Но с одной картиной моего детства у меня установились особые, сложные и очень личные отношения. "Первоклассница" - "как много в этом звуке для сердца моего слилось...". Когда я впервые увидела этот фильм (а видела я его много-много раз) и вернулась домой возбужденная и полная впечатлений, мне рассказали историю, которая меня потрясла. Оказывается, Агния Барто, у которой мы с мамой часто бывали, посоветовала создателям фильма пригласить меня на главную роль. Кто-то из съемочной группы приезжал к нам для переговоров, но бабушка сказала свое категорическое: "Нет. Не дам калечить ребенка! Не позволю ломать ей жизнь!". Калечить и ломать - эти два слова не выходили у меня из головы. Каждый раз, когда я смотрела "Первоклассницу", я заново переживала свою трагедию: меня покалечили, мою жизнь сломали. Почти полностью позабыв фильм, я и сегодня отлично помню лицо той, которая снялась вместо меня. Звали ее Наташа Защипина. Сидя в темном кинозале, я постоянно испытывала синдром "Царевны-лягушки" и с трудом подавляла в себе желание сообщить всем и каждому: "Это я, я должна была играть в этом фильме. Это моя роль!". Однажды придя в гости к своему другу Юрке, я поделилась с ним своими переживаниями. "Наташа Защипина? - переспросил он небрежно. - Я ее отлично знаю. Она живет в моем дворе. Я даже вчера ее видел, и она рассказала мне свою историю." "Какую историю?", - спросила я, не веря своим ушам. "Ну про то, как она была в плену, как ее освободили." Я потеряла дар речи. Это уж слишком. Мало того, что она сыграла мою роль, она еще была в плену, у нее имелось какое-то прошлое. "Врет", - вдруг догадалась я. "Врет!", - сказала я громко. Но, взглянув на взбивавшую в это время клюквенный мусс Юркину маму и увидев, что она едва сдерживает смех, я поняла, что врет Юрка, а вовсе не Наташа Защипина.

Нет, мне не суждено было стать актрисой. Я осталась зрителем, но зрителем чутким, преданным, благодарным, неравнодушным. А это тоже совсем неплохая роль.

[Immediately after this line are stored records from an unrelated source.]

(* Let $v$ be a weight on $\mathbb D$ and let $(X,\|\cdot\|)$ be a Banach space of analytic functions in $\mathbb D$. Let $\varphi$ be an entire function. If the superposition operator $S_\varphi$ is a bounded operator from $X$ into $DH^\infty_v$, then $S_{\varphi'}$ maps $X$ into $DH^\infty_v$.
   Context: For $\varphi$ entire, $S_\varphi(f)=\varphi\circ f$ for $f$ analytic in the unit disc $\mathbb D$. A weight on $\mathbb D$ is a positive continuous function $v$ on $\mathbb D$ which is radial ($v(z)=v(|z|)$), with $r\mapsto v(r)$ strictly decreasing on $[0,1)$ and $\lim_{r\to1}v(r)=0$. $H^\infty_v=\{f\text{ analytic in }\mathbb D:\sup_{z\in\mathbb D}v(z)|f(z)|<\infty\}$ with norm $\|f\|_v=\sup_{z}v(z)|f(z)|$, and $DH^\infty_v=\{f\text{ analytic in }\mathbb D: f'\in H^\infty_v\}$ with norm $\|f\|_{D,v}=|f(0)|+\|f'\|_v$. "Bounded" for the nonlinear operator $S_\varphi$ means it maps $X$ into $DH^\infty_v$ and maps bounded subsets of $X$ to bounded subsets of $DH^\infty_v$. *)

theory Defs
  imports "HOL-Analysis.Analysis"
begin

abbreviation unit_disc :: "complex set" where
  "unit_disc \<equiv> ball 0 1"

definition is_weight :: "(complex \<Rightarrow> real) \<Rightarrow> bool" where
  "is_weight v \<longleftrightarrow>
     continuous_on unit_disc v \<and>
     (\<forall>z\<in>unit_disc. v z > 0) \<and>
     (\<forall>z\<in>unit_disc. v z = v (complex_of_real (cmod z))) \<and>
     (\<forall>r s. 0 \<le> r \<longrightarrow> r < s \<longrightarrow> s < 1 \<longrightarrow>
        v (complex_of_real s) < v (complex_of_real r)) \<and>
     ((\<lambda>r. v (complex_of_real r)) \<longlongrightarrow> 0) (at_left 1)"

definition in_Hv :: "(complex \<Rightarrow> real) \<Rightarrow> (complex \<Rightarrow> complex) \<Rightarrow> bool" where
  "in_Hv v f \<longleftrightarrow> f holomorphic_on unit_disc \<and>
     (\<exists>C. \<forall>z\<in>unit_disc. v z * cmod (f z) \<le> C)"

definition in_DHv :: "(complex \<Rightarrow> real) \<Rightarrow> (complex \<Rightarrow> complex) \<Rightarrow> bool" where
  "in_DHv v f \<longleftrightarrow> f holomorphic_on unit_disc \<and> in_Hv v (deriv f)"

definition norm_Hv :: "(complex \<Rightarrow> real) \<Rightarrow> (complex \<Rightarrow> complex) \<Rightarrow> real" where
  "norm_Hv v f = (SUP z\<in>unit_disc. v z * cmod (f z))"

definition norm_DHv :: "(complex \<Rightarrow> real) \<Rightarrow> (complex \<Rightarrow> complex) \<Rightarrow> real" where
  "norm_DHv v f = cmod (f 0) + norm_Hv v (deriv f)"

definition banach_space_analytic ::
  "(complex \<Rightarrow> complex) set \<Rightarrow> ((complex \<Rightarrow> complex) \<Rightarrow> real) \<Rightarrow> bool" where
  "banach_space_analytic X N \<longleftrightarrow>
     (\<forall>f\<in>X. f holomorphic_on unit_disc) \<and>
     (\<forall>c. (\<lambda>_. c) \<in> X) \<and>
     (\<forall>f\<in>X. \<forall>g\<in>X. (\<lambda>z. f z + g z) \<in> X) \<and>
     (\<forall>f\<in>X. \<forall>c. (\<lambda>z. c * f z) \<in> X) \<and>
     (\<forall>f\<in>X. N f \<ge> 0) \<and>
     (\<forall>f\<in>X. N f = 0 \<longleftrightarrow> (\<forall>z\<in>unit_disc. f z = 0)) \<and>
     (\<forall>f\<in>X. \<forall>g\<in>X. N (\<lambda>z. f z + g z) \<le> N f + N g) \<and>
     (\<forall>f\<in>X. \<forall>c. N (\<lambda>z. c * f z) = cmod c * N f) \<and>
     (\<forall>f\<in>X. \<forall>g\<in>X. (\<forall>z\<in>unit_disc. f z = g z) \<longrightarrow> N f = N g) \<and>
     (\<forall>z\<in>unit_disc. \<exists>C. \<forall>f\<in>X. cmod (f z) \<le> C * N f) \<and>
     (\<forall>F. (\<forall>n. F n \<in> X) \<longrightarrow>
        (\<forall>e>0. \<exists>K. \<forall>m\<ge>K. \<forall>n\<ge>K. N (\<lambda>z. F m z - F n z) < e) \<longrightarrow>
        (\<exists>f\<in>X. ((\<lambda>n. N (\<lambda>z. F n z - f z)) \<longlongrightarrow> 0) sequentially))"

definition superposition_bounded ::
  "(complex \<Rightarrow> complex) \<Rightarrow> (complex \<Rightarrow> complex) set \<Rightarrow> ((complex \<Rightarrow> complex) \<Rightarrow> real)
     \<Rightarrow> (complex \<Rightarrow> real) \<Rightarrow> bool" where
  "superposition_bounded \<phi> X N v \<longleftrightarrow>
     (\<forall>f\<in>X. in_DHv v (\<phi> \<circ> f)) \<and>
     (\<forall>B\<subseteq>X. (\<exists>R. \<forall>f\<in>B. N f \<le> R) \<longrightarrow> (\<exists>M. \<forall>f\<in>B. norm_DHv v (\<phi> \<circ> f) \<le> M))"

end

theory Submission
  imports Defs "HOL-Complex_Analysis.Complex_Analysis"
begin

text \<open>Translating f by unimodular constants c gives a bounded subset of X, so the derivatives
  \<open>\<phi>'(f z + c) f'(z)\<close> are bounded by \<open>M / v z\<close> uniformly in c. For fixed z,
  \<open>c \<mapsto> \<phi>'(f z + c) f'(z)\<close> is entire, and the Cauchy inequality on the unit circle bounds
  its derivative \<open>\<phi>''(f z) f'(z) = (\<phi>' \<circ> f)'(z)\<close> at the centre by the same \<open>M / v z\<close>.\<close>

lemma is_weight_pos: "is_weight v \<Longrightarrow> z \<in> unit_disc \<Longrightarrow> v z > 0"
  unfolding is_weight_def by blast

lemma in_Hv_le_norm_Hv:
  assumes "in_Hv v g" "z \<in> unit_disc"
  shows "v z * cmod (g z) \<le> norm_Hv v g"
proof -
  obtain C where "\<forall>u\<in>unit_disc. v u * cmod (g u) \<le> C"
    using assms(1) unfolding in_Hv_def by blast
  then have "bdd_above ((\<lambda>u. v u * cmod (g u)) ` unit_disc)"
    by (auto intro: bdd_aboveI2)
  then show ?thesis
    unfolding norm_Hv_def using assms(2) by (rule cSUP_upper2) simp
qed

lemma in_DHv_deriv_le_norm_DHv:
  assumes "in_DHv v g" "z \<in> unit_disc"
  shows "v z * cmod (deriv g z) \<le> norm_DHv v g"
proof -
  have "v z * cmod (deriv g z) \<le> norm_Hv v (deriv g)"
    using assms unfolding in_DHv_def by (blast intro: in_Hv_le_norm_Hv)
  then show ?thesis
    unfolding norm_DHv_def by (simp add: add.commute add_increasing)
qed

lemma banach_space_analytic_holomorphic:
  "banach_space_analytic X N \<Longrightarrow> f \<in> X \<Longrightarrow> f holomorphic_on unit_disc"
  unfolding banach_space_analytic_def by (elim conjE) blast

lemma banach_space_analytic_const: "banach_space_analytic X N \<Longrightarrow> (\<lambda>_. c) \<in> X"
  unfolding banach_space_analytic_def by (elim conjE) (erule allE)

lemma banach_space_analytic_add:
  "banach_space_analytic X N \<Longrightarrow> f \<in> X \<Longrightarrow> g \<in> X \<Longrightarrow> (\<lambda>z. f z + g z) \<in> X"
  unfolding banach_space_analytic_def by (elim conjE) blast

lemma banach_space_analytic_norm_triangle:
  "banach_space_analytic X N \<Longrightarrow> f \<in> X \<Longrightarrow> g \<in> X \<Longrightarrow> N (\<lambda>z. f z + g z) \<le> N f + N g"
  unfolding banach_space_analytic_def by (elim conjE) blast

lemma banach_space_analytic_norm_mult:
  "banach_space_analytic X N \<Longrightarrow> f \<in> X \<Longrightarrow> N (\<lambda>z. c * f z) = cmod c * N f"
  unfolding banach_space_analytic_def by (elim conjE) blast

lemma superposition_bounded_in_DHv:
  "superposition_bounded \<phi> X N v \<Longrightarrow> f \<in> X \<Longrightarrow> in_DHv v (\<phi> \<circ> f)"
  unfolding superposition_bounded_def by blast

lemma superposition_bounded_boundedD:
  "superposition_bounded \<phi> X N v \<Longrightarrow> B \<subseteq> X \<Longrightarrow> \<forall>f\<in>B. N f \<le> R \<Longrightarrow>
    \<exists>M. \<forall>f\<in>B. norm_DHv v (\<phi> \<circ> f) \<le> M"
  unfolding superposition_bounded_def by blast

lemma banach_space_analytic_translate:
  assumes "banach_space_analytic X N" "f \<in> X"
  shows "(\<lambda>z. f z + c) \<in> X" and "N (\<lambda>z. f z + c) \<le> N f + cmod c * N (\<lambda>_. 1)"
proof -
  have const: "(\<lambda>_. c) \<in> X" "(\<lambda>_. 1) \<in> X"
    using assms(1) by (rule banach_space_analytic_const)+
  show "(\<lambda>z. f z + c) \<in> X"
    using banach_space_analytic_add[OF assms const(1)] .
  have "N (\<lambda>z. f z + c) \<le> N f + N (\<lambda>_. c)"
    using banach_space_analytic_norm_triangle[OF assms const(1)] .
  moreover have "N (\<lambda>_. c) = cmod c * N (\<lambda>_. 1)"
    using banach_space_analytic_norm_mult[OF assms(1) const(2), of c] by simp
  ultimately show "N (\<lambda>z. f z + c) \<le> N f + cmod c * N (\<lambda>_. 1)"
    by simp
qed

lemma superposition_bounded_unimodular_translates:
  assumes "banach_space_analytic X N" "superposition_bounded \<phi> X N v" "f \<in> X"
  obtains M where "\<And>c z. cmod c = 1 \<Longrightarrow> z \<in> unit_disc \<Longrightarrow>
    v z * cmod (deriv (\<phi> \<circ> (\<lambda>z. f z + c)) z) \<le> M"
proof -
  define B where "B = (\<lambda>c z. f z + c) ` {c. cmod c = 1}"
  have "B \<subseteq> X"
    unfolding B_def using banach_space_analytic_translate(1)[OF assms(1,3)] by blast
  moreover have "\<forall>g\<in>B. N g \<le> N f + N (\<lambda>_. 1)"
  proof
    fix g assume "g \<in> B"
    then obtain c where "cmod c = 1" "g = (\<lambda>z. f z + c)"
      unfolding B_def by blast
    then show "N g \<le> N f + N (\<lambda>_. 1)"
      using banach_space_analytic_translate(2)[OF assms(1,3), of c] by simp
  qed
  ultimately obtain M where M: "\<forall>g\<in>B. norm_DHv v (\<phi> \<circ> g) \<le> M"
    using superposition_bounded_boundedD[OF assms(2)] by blast
  show thesis
  proof (rule that)
    fix c z assume c: "cmod c = 1" and z: "z \<in> unit_disc"
    have "in_DHv v (\<phi> \<circ> (\<lambda>z. f z + c))"
      using superposition_bounded_in_DHv[OF assms(2) banach_space_analytic_translate(1)[OF assms(1,3)]] .
    then have "v z * cmod (deriv (\<phi> \<circ> (\<lambda>z. f z + c)) z) \<le> norm_DHv v (\<phi> \<circ> (\<lambda>z. f z + c))"
      using z by (rule in_DHv_deriv_le_norm_DHv)
    also have "\<dots> \<le> M"
      using M c unfolding B_def by blast
    finally show "v z * cmod (deriv (\<phi> \<circ> (\<lambda>z. f z + c)) z) \<le> M" .
  qed
qed

lemma entire_deriv_le_unit_circle_bound:
  assumes "h holomorphic_on UNIV" "\<And>u. norm (w - u) = 1 \<Longrightarrow> norm (h u) \<le> B"
  shows "norm (deriv h w) \<le> B"
  using Cauchy_inequality[of h w 1 B 1] assms
  by (auto intro: holomorphic_on_subset holomorphic_on_imp_continuous_on)

lemma deriv_compose_translate:
  assumes "f field_differentiable at z" "\<phi> holomorphic_on UNIV"
  shows "deriv (\<phi> \<circ> (\<lambda>z. f z + c)) z = deriv \<phi> (f z + c) * deriv f z"
proof -
  have "(\<lambda>z. f z + c) field_differentiable at z"
    using assms(1) by (auto intro: field_differentiable_add field_differentiable_const)
  moreover have "\<phi> field_differentiable at (f z + c)"
    using assms(2) holomorphic_on_imp_differentiable_at by blast
  ultimately have "deriv (\<phi> \<circ> (\<lambda>z. f z + c)) z = deriv \<phi> (f z + c) * deriv (\<lambda>z. f z + c) z"
    by (rule deriv_chain)
  moreover have "deriv (\<lambda>z. f z + c) z = deriv f z"
    using assms(1) by (subst deriv_add) (auto simp: field_differentiable_const)
  ultimately show ?thesis
    by simp
qed

lemma deriv_compose_deriv_le_translates_bound:
  assumes "\<phi> holomorphic_on UNIV" "f field_differentiable at z"
    and "\<And>c. cmod c = 1 \<Longrightarrow> cmod (deriv (\<phi> \<circ> (\<lambda>z. f z + c)) z) \<le> K"
  shows "cmod (deriv (deriv \<phi> \<circ> f) z) \<le> K"
proof -
  have \<phi>'_hol: "deriv \<phi> holomorphic_on UNIV"
    using assms(1) by (simp add: holomorphic_deriv)
  have "norm (deriv (\<lambda>u. deriv f z * deriv \<phi> u) (f z)) \<le> K"
  proof (rule entire_deriv_le_unit_circle_bound)
    show "(\<lambda>u. deriv f z * deriv \<phi> u) holomorphic_on UNIV"
      using \<phi>'_hol by (auto intro: holomorphic_on_mult)
    fix u assume "norm (f z - u) = 1"
    then show "norm (deriv f z * deriv \<phi> u) \<le> K"
      using assms(3)[of "u - f z"] deriv_compose_translate[OF assms(2,1)]
      by (simp add: norm_minus_commute mult.commute)
  qed
  moreover have "deriv (\<lambda>u. deriv f z * deriv \<phi> u) (f z) = deriv (deriv \<phi> \<circ> f) z"
    using deriv_cmult[of "deriv \<phi>" "f z" "deriv f z"] deriv_chain[OF assms(2), of "deriv \<phi>"]
      \<phi>'_hol holomorphic_on_imp_differentiable_at by (auto simp: mult.commute)
  ultimately show ?thesis
    by simp
qed

theorem theorem5:
  fixes v :: "complex \<Rightarrow> real"
    and X :: "(complex \<Rightarrow> complex) set"
    and N :: "(complex \<Rightarrow> complex) \<Rightarrow> real"
    and \<phi> :: "complex \<Rightarrow> complex"
  assumes "is_weight v"
    and "banach_space_analytic X N"
    and "\<phi> holomorphic_on UNIV"
    and "superposition_bounded \<phi> X N v"
  shows "\<forall>f\<in>X. in_DHv v (deriv \<phi> \<circ> f)"
proof
  fix f assume f: "f \<in> X"
  have f_hol: "f holomorphic_on unit_disc"
    using assms(2) f by (rule banach_space_analytic_holomorphic)
  have comp_hol: "deriv \<phi> \<circ> f holomorphic_on unit_disc"
    using holomorphic_on_compose[OF f_hol holomorphic_on_subset[OF holomorphic_deriv]] assms(3)
    by auto
  obtain M where M: "\<And>c z. cmod c = 1 \<Longrightarrow> z \<in> unit_disc \<Longrightarrow>
      v z * cmod (deriv (\<phi> \<circ> (\<lambda>z. f z + c)) z) \<le> M"
    using superposition_bounded_unimodular_translates[OF assms(2,4) f] by blast
  have "v z * cmod (deriv (deriv \<phi> \<circ> f) z) \<le> M" if z: "z \<in> unit_disc" for z
  proof -
    have v_pos: "v z > 0"
      using assms(1) z by (rule is_weight_pos)
    have "cmod (deriv (deriv \<phi> \<circ> f) z) \<le> M / v z"
      using assms(3) holomorphic_on_imp_differentiable_at[OF f_hol open_ball z]
      by (rule deriv_compose_deriv_le_translates_bound)
        (use M[OF _ z] v_pos in \<open>simp add: field_simps\<close>)
    then show ?thesis
      using v_pos by (simp add: field_simps)
  qed
  then show "in_DHv v (deriv \<phi> \<circ> f)"
    unfolding in_DHv_def in_Hv_def using comp_hol holomorphic_deriv[OF comp_hol] by blast
qed

end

Не плачь! Ведь это понарошку.

Нам крутят старую киношку,

И в этом глупеньком кино

Живет какая-то Нино,

И кто-то любит эту крошку.

Решив убить себя всерьез,

Герой, едва из-под колес,

Вновь обретает голос сладкий...

Но ты дрожишь, как в лихорадке,

И задыхаешься от слез.

И всем, чем дышалось...

Когда я думаю о каком-нибудь поэте, то в памяти моей (правда, весьма слабой на стихи) прежде всего возникают не строки, а звучание, не слова, а мелодия, ритм, наиболее характерные для поэта. При мысли о Пастернаке слышу вот что: "та-та-ТА-та-та ТА-та-та та-та-ТА-та-та ТА-та...". Слова вертятся в голове, но, лишь порывшись в сборнике, могу их воспроизвести:

Разговоры вполголоса,

И с поспешностью пылкой

Кверху собраны волосы

Всей копною с затылка...

А иногда звучит совсем другое: "та-ТА-та-та та-та-та-ТА та-ТА-та-та та-ТА та-ТА-та...". Что это? Беру в руки книгу и, полистав, читаю:

В московские особняки

Врывается весна нахрапом,

Выпархивает моль за шкапом

И ползает по летним шляпам,

И прячут шубы в сундуки...

Пастернаковская музыка богата и разнообразна, но она всегда пастернаковская, и, слыша ее, чувствую, пользуясь словами другого поэта, "сердцебиение при звуке". И вовсе не потому, что Пастернак для меня самый-самый. У меня не было с его поэзией того романа, какой был в 71-ом с Заболоцким или позже с Г. Ивановым. Напротив, я никогда не могла читать его подряд, быстро уставая от бешеного напора и густой образности. И, тем не менее, он - часть меня.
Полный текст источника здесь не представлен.